☐ cool new feature  ☑ could help many users!  ☐ removes a „bug“  ☐ nice to have  ☐ nobody needs it     #myTop10_2022        There is a set of posts with questions how to restrict the Col ... aggregation functions to a specific subset.  Compute Column Mean while restricting observations used   JMP10: Col Max() and Col Min() functions returned the data from excluded row   Col Functions and Row States   How do I use the Col Maximum Formula with a "where" condition   Exclude data in formula      Application cases:   excluded rows from the aggregation:    Col Max(if(not(excluded()), :weight,.),: sex)  or even shorter (if one doesn't need values in the excluded rows);    Col Max(:weight, :sex, :excluded())    Benchmark some data with a reference data set (country A in this post)     :data / Col Maximum(if(:country="A", :data,.))         calculate relative performance over time (divide all values at time t>=t0  by values at t=t0)  (here the Col Mean is actually to get the value for :time=0 to the other rows.:)    : data / Col Mean(if(:time=0, :data, 0) :batch, :sampleID)        As one can see in the examples above, the easy solution is an If statement inside the Col xyz aggreagtion:      col Mean( if(:sex=="M", :weight,.), :age);
col Mean( if(not(excluded()), :weight,.), :age)         The problem:  The approach is EXTREMELY slow - if the subset if-condition contains a  string comparison:  How-do-I-use-the-Col-Maximum-Formula-with-a-where/M78599    Then the time scales quadratically with the number of rows and even for small data sets with just a few 1000 entries the calculation takes seconds.  For data sets with some million entries it would take months (!!!) - but will be stopped by a timeout and an error message pops up.
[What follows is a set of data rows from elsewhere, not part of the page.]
lemma poly_automorphism_algebraically_independent:
  assumes "poly_automorphism n f"
  shows "algebraically_independent n f"
  unfolding algebraically_independent_def
proof (intro allI impI, elim conjE)
  fix Q assume Q: "mpoly_vars Q \<subseteq> {..<n}" and Qf: "mpoly_subst Q f = 0"
  from assms obtain g where fg: "\<And>i. i < n \<Longrightarrow> mpoly_subst (f i) g = mpoly_var i"
    unfolding poly_automorphism_def by blast
  have "Q = mpoly_subst Q (\<lambda>i. mpoly_subst (f i) g)"
    using Q fg by (subst mpoly_subst_cong[where g' = mpoly_var]) auto
  also have "\<dots> = 0"
    by (simp add: mpoly_subst_mpoly_subst[symmetric] Qf)
  finally show "Q = 0" .
qed

lemma algebraically_independent_nonconstant:
  assumes "algebraically_independent n h" "j < n"
  shows "h j \<noteq> mpoly_const c"
proof
  assume hj: "h j = mpoly_const c"
  define Q where "Q = mpoly_var j - mpoly_const c"
  have "mpoly_vars Q \<subseteq> {..<n}"
    unfolding Q_def mpoly_vars_subset_iff_wdeg_le
    using assms(2) by (intro wdeg_le_diff) (auto intro: wdeg_le_mono[OF wdeg_le_var])
  moreover have "mpoly_subst Q h = 0"
    by (simp add: Q_def mpoly_subst_diff hj)
  ultimately have "Q = 0"
    using assms(1) by (simp add: algebraically_independent_def)
  have "Poly_Mapping.single j (1::nat) \<noteq> 0"
    by (metis lookup_single_eq lookup_zero one_neq_zero)
  then have "Poly_Mapping.lookup Q (Poly_Mapping.single j 1) = 1"
    by (simp add: Q_def lookup_minus lookup_mpoly_const mpoly_var_def)
  with \<open>Q = 0\<close> show False by simp
qed

text \<open>Translation is an invertible substitution: \<open>Q(h - c) = R(h)\<close> with \<open>R = Q(x - c)\<close>, and
  \<open>Q = R(x + c)\<close>.\<close>

lemma algebraically_independent_translate:
  assumes "algebraically_independent n h"
  shows "algebraically_independent n (\<lambda>i. h i - mpoly_const (c i))"
  unfolding algebraically_independent_def
proof (intro allI impI, elim conjE)
  fix Q assume Q: "mpoly_vars Q \<subseteq> {..<n}" and Q0: "mpoly_subst Q (\<lambda>i. h i - mpoly_const (c i)) = 0"
  define R where "R = mpoly_subst Q (\<lambda>i. mpoly_var i - mpoly_const (c i))"
  have "mpoly_vars (mpoly_var i - mpoly_const (c i)) \<subseteq> {i}" for i
    unfolding mpoly_vars_subset_iff_wdeg_le by (intro wdeg_le_diff) (auto intro: wdeg_le_mono[OF wdeg_le_var])
  then have "mpoly_vars R \<subseteq> {..<n}"
    using Q mpoly_vars_mpoly_subst[of Q] unfolding R_def by blast
  moreover have "mpoly_subst R h = 0"
    using Q0 by (simp add: R_def mpoly_subst_mpoly_subst mpoly_subst_diff)
  ultimately have "R = 0"
    using assms by (simp add: algebraically_independent_def)
  have "Q = mpoly_subst R (\<lambda>i. mpoly_var i + mpoly_const (c i))"
    by (simp add: R_def mpoly_subst_mpoly_subst mpoly_subst_diff)
  then show "Q = 0"
    using \<open>R = 0\<close> by simp
qed
text \<open>Coefficientwise, this is \<open>(1 - s) ^ -d * ((1 - s) - 1) ^ card U = (-s) ^ card U * (1 - s) ^ -d\<close>.\<close>

lemma sum_Pow_alternating_mchoose:
  assumes "finite U" "card U \<le> d"
  shows "(\<Sum>Y\<in>Pow U. (-1) ^ (card U - card Y) * mchoose (d - card Y) j)
       = (if card U \<le> j then (-1) ^ card U * mchoose d (j - card U) else 0)"
  using assms
proof (induction U arbitrary: d j rule: finite_induct)
  case (insert a U)
  then obtain d' where d: "d = Suc d'" and "card U \<le> d'"
    by (cases d) auto
  have card_Y: "card Y \<le> card U" "finite Y" "a \<notin> Y" if "Y \<in> Pow U" for Y
    using that insert.hyps card_mono finite_subset by auto
  let ?g = "\<lambda>Y. (-1) ^ (card (insert a U) - card Y) * mchoose (d - card Y) j"
  have "(\<Sum>Y\<in>Pow U. ?g Y) = - (\<Sum>Y\<in>Pow U. (-1) ^ (card U - card Y) * mchoose (d - card Y) j)"
    unfolding sum_negf[symmetric] by (rule sum.cong) (use card_Y insert.hyps in \<open>simp_all add: Suc_diff_le\<close>)
  moreover have "(\<Sum>Y\<in>Pow U. ?g (insert a Y))
      = (\<Sum>Y\<in>Pow U. (-1) ^ (card U - card Y) * mchoose (d' - card Y) j)"
    by (rule sum.cong) (use card_Y insert.hyps d in simp_all)
  ultimately have "(\<Sum>Y\<in>Pow (insert a U). ?g Y)
      = - (\<Sum>Y\<in>Pow U. (-1) ^ (card U - card Y) * mchoose (d - card Y) j)
        + (\<Sum>Y\<in>Pow U. (-1) ^ (card U - card Y) * mchoose (d' - card Y) j)"
    using insert.hyps by (simp add: sum_Pow_insert)
  also have "\<dots> = (if card U \<le> j then (-1) ^ card U * (mchoose d' (j - card U) - mchoose d (j - card U)) else 0)"
    using insert.IH[of d j] insert.IH[of d' j] \<open>card U \<le> d'\<close> d by (simp add: algebra_simps)
  also have "\<dots> = (if card (insert a U) \<le> j then (-1) ^ card (insert a U) * mchoose d (j - card (insert a U)) else 0)"
  proof (cases "card U < j")
    case True
    then have "j - card U = Suc (j - card (insert a U))"
      using insert.hyps by simp
    then show ?thesis
      using True insert.hyps d by simp
  qed (use insert.hyps d in auto)
  finally show ?case .
qed simp

lemma sum_Pow_diff_eq_sum_supersets:
  assumes "finite S" "Y \<subseteq> S"
  shows "(\<Sum>U\<in>Pow (S - Y). f (Y \<union> U) (card U)) = (\<Sum>V\<in>{V \<in> Pow S. Y \<subseteq> V}. f V (card V - card Y))"
proof (rule sum.reindex_bij_witness[where i = "\<lambda>V. V - Y" and j = "\<lambda>U. Y \<union> U"])
  fix U assume "U \<in> Pow (S - Y)"
  then have "U \<subseteq> S" "Y \<inter> U = {}"
    by auto
  moreover have "finite Y"
    using finite_subset[OF assms(2,1)] .
  ultimately have "card (Y \<union> U) - card Y = card U"
    using finite_subset[OF _ assms(1)] by (simp add: card_Un_disjoint)
  then show "f (Y \<union> U) (card (Y \<union> U) - card Y) = f (Y \<union> U) (card U)"
    by simp
qed (use assms in auto)

section \<open>Words modulo commutation of adjacent letters\<close>

locale simple_graph =
  fixes E :: "nat \<Rightarrow> nat \<Rightarrow> bool"
  assumes sym: "E i j \<Longrightarrow> E j i" and irrefl: "\<not> E i i"
begin

abbreviation weq :: "nat list \<Rightarrow> nat list \<Rightarrow> bool" where
  "weq \<equiv> word_equiv E"

lemma weq_refl [simp]: "weq w w"
  by (simp add: word_equiv_def)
Not nice!     My wish:   fix the bug     Even better:  Provide an additonal where option for Col xyz aggreagtions   which fixes the timing problem automatically: first restricts the data set, then applys the aggregation (--> much faster, even if the cool "col..." speedup has a  bug)  which  make subset definitions easier,  instead of (*), you just need:       col Mean(:weight, :age, where(:sex=="M"))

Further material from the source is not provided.